Banking on affordable housing to spur mortgage uptake
Effie Otieno, a research assistant at Cytonn Investments explains how Kenya Mortgage Refinance Company (KMRC) supports the affordable housing initiative, through providing secure, long-term funding to mortgage lenders thus increasing the availability and affordability of mortgage loans in Kenya.
Milliam Murigi @millymur1
Kenya Mortgage Refinance Company (KMRC) began lending in September 2020, following approval to operate by the Central Bank of Kenya. What does this mean to the housing industry?
KMRC is expected to promote the growth of the Kenyan mortgage market with a targeted mortgage account of 50,000 homes within five years.

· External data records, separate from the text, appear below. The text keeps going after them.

lemma monic_quadratic_resultant_zero:
  fixes p r p' r' :: real
  assumes "monic_quadratic_resultant p r p' r' = 0" "p \<noteq> p'"
  shows "0 \<le> p^2 - 4*r" "0 \<le> p'^2 - 4*r'"
proof -
  define x where "x = (r' - r)/(p - p')"
  have x: "(p - p')*x = r' - r"
    unfolding x_def using assms(2) by simp
  have "(p - p')^2 * (x^2 + p*x + r) = ((p - p')*x)^2 + p*(p - p')*((p - p')*x) + r*(p - p')^2"
    by algebra
  also have "\<dots> = monic_quadratic_resultant p r p' r'"
    unfolding x monic_quadratic_resultant_def by algebra
  finally have root: "x^2 + p*x + r = 0"
    using assms by simp
  with x have root': "x^2 + p'*x + r' = 0"
    by (simp add: algebra_simps)
  show "0 \<le> p^2 - 4*r" "0 \<le> p'^2 - 4*r'"
    using monic_quadratic_pos[of p r x] monic_quadratic_pos[of p' r' x] root root'
    by linarith+
qed

lemma cubic_root_above:
  fixes a0 a1 a2 a3 u :: real
  assumes "0 < a3" and "a3*u^3 + a2*u^2 + a1*u + a0 < 0"
  obtains x where "u < x" "a3*x^3 + a2*x^2 + a1*x + a0 = 0"
proof -
  define f where "f x = a3*x^3 + a2*x^2 + a1*x + a0" for x
  have poly_f: "poly [:a0, a1, a2, a3:] = f"
    unfolding f_def by (auto simp: algebra_simps power2_eq_square power3_eq_cube)
  obtain n where n: "\<forall>x\<ge>n. a3 \<le> f x"
    using poly_pinfty_gt_lc[of "[:a0, a1, a2, a3:]"] assms(1) by (auto simp: poly_f)
  define T where "T = max n (u + 1)"
  have "u < T" "0 < f T"
    using n[rule_format, of T] assms(1) unfolding T_def by auto
  moreover have "continuous_on {u..T} f"
    unfolding f_def by (intro continuous_intros)
  ultimately obtain x where "u \<le> x" "x \<le> T" "f x = 0"
    using IVT'[of f u 0 T] assms(2) unfolding f_def by fastforce
  moreover have "x \<noteq> u"
    using assms(2) calculation(3) unfolding f_def by auto
  ultimately show ?thesis
    using that[of x] unfolding f_def by simp
qed

lemma cubic_divide_root:
  fixes a3 a2 a1 a0 z x :: "'a::comm_ring_1"
  assumes "a3*z^3 + a2*z^2 + a1*z + a0 = 0"
  shows "a3*x^3 + a2*x^2 + a1*x + a0 = (x - z) * (a3*x^2 + (a2 + a3*z)*x + (a1 + a2*z + a3*z^2))"
proof -
  have "a3*x^3 + a2*x^2 + a1*x + a0 - (a3*z^3 + a2*z^2 + a1*z + a0)
      = (x - z) * (a3*x^2 + (a2 + a3*z)*x + (a1 + a2*z + a3*z^2))"
    by (simp add: algebra_simps power2_eq_square power3_eq_cube)
  with assms show ?thesis
    by simp
qed

lemma quadratic_eq_factored:
  fixes a b e x :: real
  assumes "a \<noteq> 0" "0 \<le> b^2 - 4*a*e"
  shows "a*x^2 + b*x + e =
    a * (x - (-b - sqrt (b^2 - 4*a*e))/(2*a)) * (x - (-b + sqrt (b^2 - 4*a*e))/(2*a))"
proof -
  have "(sqrt (b^2 - 4*a*e))^2 = b^2 - 4*a*e"
    using assms(2) by simp
  then show ?thesis
    using assms(1) by (simp add: field_simps power2_eq_square)
qed

lemma quadratic_concave_nonneg_interval:
  fixes a b e u w :: real
  assumes "a < 0" "u < w" "a*u^2 + b*u + e < 0" "0 \<le> a*w^2 + b*w + e"
  obtains s t where "u < s" "s \<le> w" "w \<le> t"
    "\<And>x. 0 \<le> a*x^2 + b*x + e \<longleftrightarrow> s \<le> x \<and> x \<le> t"
    "\<And>x. a*x^2 + b*x + e = 0 \<longleftrightarrow> x = s \<or> x = t"
proof -
  define D where "D = b^2 - 4*a*e"
  have "4*a*(a*w^2 + b*w + e) = (2*a*w + b)^2 - D"
    unfolding D_def by (simp add: algebra_simps power2_eq_square)
  moreover have "4*a*(a*w^2 + b*w + e) \<le> 0"
    using assms(1,4) by (simp add: mult_nonpos_nonneg)
  ultimately have "0 \<le> D"
    using zero_le_power2[of "2*a*w + b"] by linarith
  define s t where "s = (-b + sqrt D)/(2*a)" and "t = (-b - sqrt D)/(2*a)"
  have factor: "a*x^2 + b*x + e = a * ((x - s) * (x - t))" for x
    using quadratic_eq_factored[of a b e x] assms(1) \<open>0 \<le> D\<close>
    unfolding s_def t_def D_def by (simp add: ac_simps)
  have "s \<le> t"
    unfolding s_def t_def using assms(1) \<open>0 \<le> D\<close> by (simp add: divide_simps)
  then have nonneg: "0 \<le> a*x^2 + b*x + e \<longleftrightarrow> s \<le> x \<and> x \<le> t" for x
    unfolding factor using assms(1) by (auto simp: mult_le_0_iff zero_le_mult_iff)
  have zero: "a*x^2 + b*x + e = 0 \<longleftrightarrow> x = s \<or> x = t" for x
    unfolding factor using assms(1) by simp
  have w: "s \<le> w" "w \<le> t"
    using nonneg[of w] assms(4) by simp_all
  then have "u < s"
    using nonneg[of u] assms(2,3) by auto
  then show ?thesis
    using w nonneg zero by (rule that)
qed

lemma quadratic_nonconcave_factor:
  fixes a b e u w :: real
  assumes "0 \<le> a" "u < w" "a*u^2 + b*u + e < 0" "0 \<le> a*w^2 + b*w + e"
  shows "\<exists>s g. \<forall>x\<ge>u. a*x^2 + b*x + e = g x * (x - s) \<and> 0 < g x"
proof (cases "a = 0")
  case True
  have "b * (w - u) = (a*w^2 + b*w + e) - (a*u^2 + b*u + e)"
    using True by (simp add: algebra_simps)
  then have "0 < b * (w - u)"
    using assms(3,4) by linarith
  then have "0 < b"
    using assms(2) by (simp add: zero_less_mult_iff)
  then have "\<forall>x\<ge>u. a*x^2 + b*x + e = b * (x - (-e/b)) \<and> 0 < b"
    using True by (simp add: field_simps)
  then show ?thesis
    by (intro exI[of _ "-e/b"] exI[of _ "\<lambda>_. b"]) simp
next
  case False
  with assms(1) have "0 < a"
    by simp
  define D where "D = b^2 - 4*a*e"
  have "4*a*(a*u^2 + b*u + e) = (2*a*u + b)^2 - D"
    unfolding D_def by (simp add: algebra_simps power2_eq_square)
  moreover have "4*a*(a*u^2 + b*u + e) < 0"
    using \<open>0 < a\<close> assms(3) by (simp add: mult_pos_neg)
  ultimately have "0 \<le> D"
    using zero_le_power2[of "2*a*u + b"] by linarith
  define s t where "s = (-b + sqrt D)/(2*a)" and "t = (-b - sqrt D)/(2*a)"
  have factor: "a*x^2 + b*x + e = (a * (x - t)) * (x - s)" for x
    using quadratic_eq_factored[of a b e x] \<open>0 < a\<close> \<open>0 \<le> D\<close>
    unfolding s_def t_def D_def by (simp add: ac_simps)
  have "t \<le> s"
    unfolding s_def t_def using \<open>0 < a\<close> \<open>0 \<le> D\<close> by (simp add: divide_simps)
  have "a * ((u - t) * (u - s)) < 0"
    using assms(3) unfolding factor by (simp add: ac_simps)
  then have "(u - t) * (u - s) < 0"
    using \<open>0 < a\<close> by (simp add: mult_less_0_iff)
  with \<open>t \<le> s\<close> have "t < u"
    by (auto simp: mult_less_0_iff)
  with factor \<open>0 < a\<close> show ?thesis
    by (intro exI[of _ s] exI[of _ "\<lambda>x. a * (x - t)"]) simp
qed

lemma quadratic_nonconcave_nonneg_ray:
  fixes a b e u w :: real
  assumes "0 \<le> a" "u < w" "a*u^2 + b*u + e < 0" "0 \<le> a*w^2 + b*w + e"
  obtains s where "u < s" "s \<le> w"
    "\<And>x. u \<le> x \<Longrightarrow> 0 \<le> a*x^2 + b*x + e \<longleftrightarrow> s \<le> x"
    "\<And>x. u \<le> x \<Longrightarrow> a*x^2 + b*x + e = 0 \<longleftrightarrow> x = s"
proof -
  obtain s g where sg: "\<And>x. u \<le> x \<Longrightarrow> a*x^2 + b*x + e = g x * (x - s) \<and> 0 < g x"
    using quadratic_nonconcave_factor[OF assms] by blast
  have nonneg: "0 \<le> a*x^2 + b*x + e \<longleftrightarrow> s \<le> x" and zero: "a*x^2 + b*x + e = 0 \<longleftrightarrow> x = s"
    if "u \<le> x" for x
    using sg[OF that] by (auto simp: zero_le_mult_iff)
  have "u < s"
    using nonneg[of u] assms(3) by simp
  moreover have "s \<le> w"
    using nonneg[of w] assms(2,4) by simp
  ultimately show ?thesis
    using nonneg zero by (rule that)
qed

lemma less_sqrt_iff_power2_less:
  fixes d x :: real
  assumes "0 \<le> d"
  shows "d < sqrt x \<longleftrightarrow> d^2 < x"
  using assms by (metis abs_of_nonneg real_sqrt_abs real_sqrt_less_iff)

lemma le_sqrt_iff_power2_le:
  fixes d x :: real
  assumes "0 \<le> d"
  shows "d \<le> sqrt x \<longleftrightarrow> d^2 \<le> x"
  using assms by (metis abs_of_nonneg real_sqrt_abs real_sqrt_le_iff)

lemma poly_qbeta: "poly (qbeta \<beta> c d) x = (x^2 + d*x + c)^2 + \<beta>/2 * (d*x + 2*c)"
  unfolding qbeta_def by (simp add: algebra_simps power2_eq_square power3_eq_cube)

lemma qbeta_resolvent_root:
  fixes \<beta> c d :: real
  assumes "0 < \<beta>" "0 < d"
  obtains l where "0 < l" "(2*l*d - \<beta>*d/2)^2 = 8*l*(l^2 + 2*l*c - \<beta>*c)"
proof -
  have "-(d^2*\<beta>^2/4) < 0"
    using assms by simp
  then obtain l where "0 < l"
    and "8*l^3 + (16*c - 4*d^2)*l^2 + (2*\<beta>*d^2 - 8*\<beta>*c)*l - d^2*\<beta>^2/4 = 0"
    using cubic_root_above[of 8 0 "16*c - 4*d^2" "2*\<beta>*d^2 - 8*\<beta>*c" "-(d^2*\<beta>^2/4)"] by auto
  then have "(2*l*d - \<beta>*d/2)^2 = 8*l*(l^2 + 2*l*c - \<beta>*c)"
    by (simp add: algebra_simps power2_eq_square power3_eq_cube)
  with \<open>0 < l\<close> show ?thesis
    by (rule that)
qed

text \<open>Ferrari's method: for a root l of the resolvent and k = (2 l d - beta d/2) / (4 l),
  poly (qbeta beta c d) x = (x^2 + d x + c + l)^2 - 2 l (x + k)^2.\<close>
lemma qbeta_ferrari_coefficients:
  fixes \<beta> c d :: real
  assumes "0 < \<beta>" "0 < d"
  obtains p r p' r' where "p \<noteq> p'" "p + p' = 2*d" "r + r' + p*p' = 2*c + d^2"
    "p*r' + p'*r = d*(\<beta>/2 + 2*c)" "r*r' = c*(\<beta> + c)"
proof -
  obtain l where "0 < l" and resolvent: "(2*l*d - \<beta>*d/2)^2 = 8*l*(l^2 + 2*l*c - \<beta>*c)"
    using qbeta_resolvent_root[OF assms] by blast
  define \<sigma> where "\<sigma> = sqrt (2*l)"
  define k where "k = (2*l*d - \<beta>*d/2)/(4*l)"
  define p p' r r' where "p = d - \<sigma>" and "p' = d + \<sigma>" and "r = c + l - \<sigma>*k" and "r' = c + l + \<sigma>*k"
  have \<sigma>: "0 < \<sigma>" "\<sigma>^2 = 2*l"
    unfolding \<sigma>_def using \<open>0 < l\<close> by simp_all
  have k: "2*l*k^2 = 2*l*c + l^2 - \<beta>*c"
  proof -
    have "2*l*k^2 = (2*l*d - \<beta>*d/2)^2/(8*l)"
      unfolding k_def using \<open>0 < l\<close> by (simp add: field_simps power2_eq_square)
    also have "\<dots> = l^2 + 2*l*c - \<beta>*c"
      unfolding resolvent using \<open>0 < l\<close> by simp
    finally show ?thesis
      by simp
  qed
  have "p \<noteq> p'" "p + p' = 2*d"
    unfolding p_def p'_def using \<sigma> by simp_all
  moreover have "r + r' + p*p' = 2*c + d^2"
    unfolding p_def p'_def r_def r'_def using \<sigma> by (simp add: algebra_simps power2_eq_square)
  moreover have "p*r' + p'*r = d*(\<beta>/2 + 2*c)"
  proof -
    have "p*r' + p'*r = 2*d*(c + l) - 2*\<sigma>^2*k"
      unfolding p_def p'_def r_def r'_def by (simp add: algebra_simps power2_eq_square)
    also have "\<dots> = d*(\<beta>/2 + 2*c)"
      unfolding \<sigma> k_def using \<open>0 < l\<close> by (simp add: field_simps)
    finally show ?thesis .
  qed
  moreover have "r*r' = c*(\<beta> + c)"
  proof -
    have "r*r' = (c + l)^2 - \<sigma>^2*k^2"
      unfolding r_def r'_def by (simp add: algebra_simps power2_eq_square)
    also have "\<dots> = c*(\<beta> + c)"
      using k unfolding \<sigma> by (simp add: algebra_simps power2_eq_square)
    finally show ?thesis .
  qed
  ultimately show ?thesis
    by (rule that)
qed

Home ownership has remained relatively low at 21.3 per cent in urban areas and the lending by KMRC will enable potential home buyers access affordable mortgages enabling them acquire homes.
In Kenya, banks are currently the main providers of mortgage financing, but because of liquidity issues these institutions are reluctant to expand their mortgage portfolio. How is KMRC going to change this?
Since KMRC will be lending money to Primary Mortgage Lenders (PMLs) who in turn will be lending the funds to individuals seeking for home financing, this has the potential of increasing mortgage uptake as the facility offers mortgages at relatively affordable rates both to the PMLs and applicants.
Also with the facility providing long term funding to financial institutions, we expect an increase in the number of firms lending funds to mortgage borrowers.
Additionally, this will most likely result in increased competition among various institutions thus the possibility of providing relatively attractive terms and conditions for competitive advantage.
In your opinion, what are some of the benefits and challenges of KMRC?
For benefits, there will be increased home ownership since one of the key objectives of KMRC is to increase home ownership among Kenyans through offering mortgages at affordable rates.
Apart from that, there will be increased liquidity to mortgage lending institutions, something that will spur competition in the mortgage market.
However, given low loan size provided by KMRC, potential homeowners will have few or no options of housing units within the Nairobi Metropolitan Area due to the relatively high property prices and low supply of affordable housing units thus forcing them to focus on housing units within satellite towns, which are affordable.
KMRC is likely to also face challenges raising funds through bonds as a result of competition from government instruments as they are offering much higher lending rates than KMRC’s 5.0 per cent.
In addition, to be able to lend at 5.0 per cent, the green bond will have to be issued at a relatively low rate, which is likely to make it unattractive to investors noting that Acorn’s green bond was issued at 12.3 per cent and attracted 85 per subscription.
Bureaucracy and inefficiencies from state departments because of the prolonged processes in government departments due to high levels of bureaucracy and delays in processes, such as approvals, registration of properties and title deeds are likely to slow down the operations of KMRC.
Countries, such as Saudi Arabia have succeeded in improving the mortgage market through a similar concept, which has resulted in the growth of home ownership.
What are some of the things KMRC might need to borrow from such a country and others with vibrant industires?
KMRC must vigorously raise funds for sustainability. They can do so by approaching foreign investors to increase their pool of funds.
They need to also incorporate short term loans, which most likely will help promote flexibility for those willing to pay back within shorter repayment periods, and with this, the company will be in a position to earn from interests paid from short repayment windows.
Finally, the company needs to increase awareness of its existence to potential home owners through awareness campaigns since most Kenyans aren’t aware of its existence.
Since KMRC started its operations, what are some of the gaps that have been identified ?
The major gap has been that more than three quarters of loans that were submitted by PMLs in the first phase of refinancing did not meet the stringent requirements that have been set by World Bank.
Failure by borrowers to meet mortgage loan eligibility criteria has, therefore, limited uptake.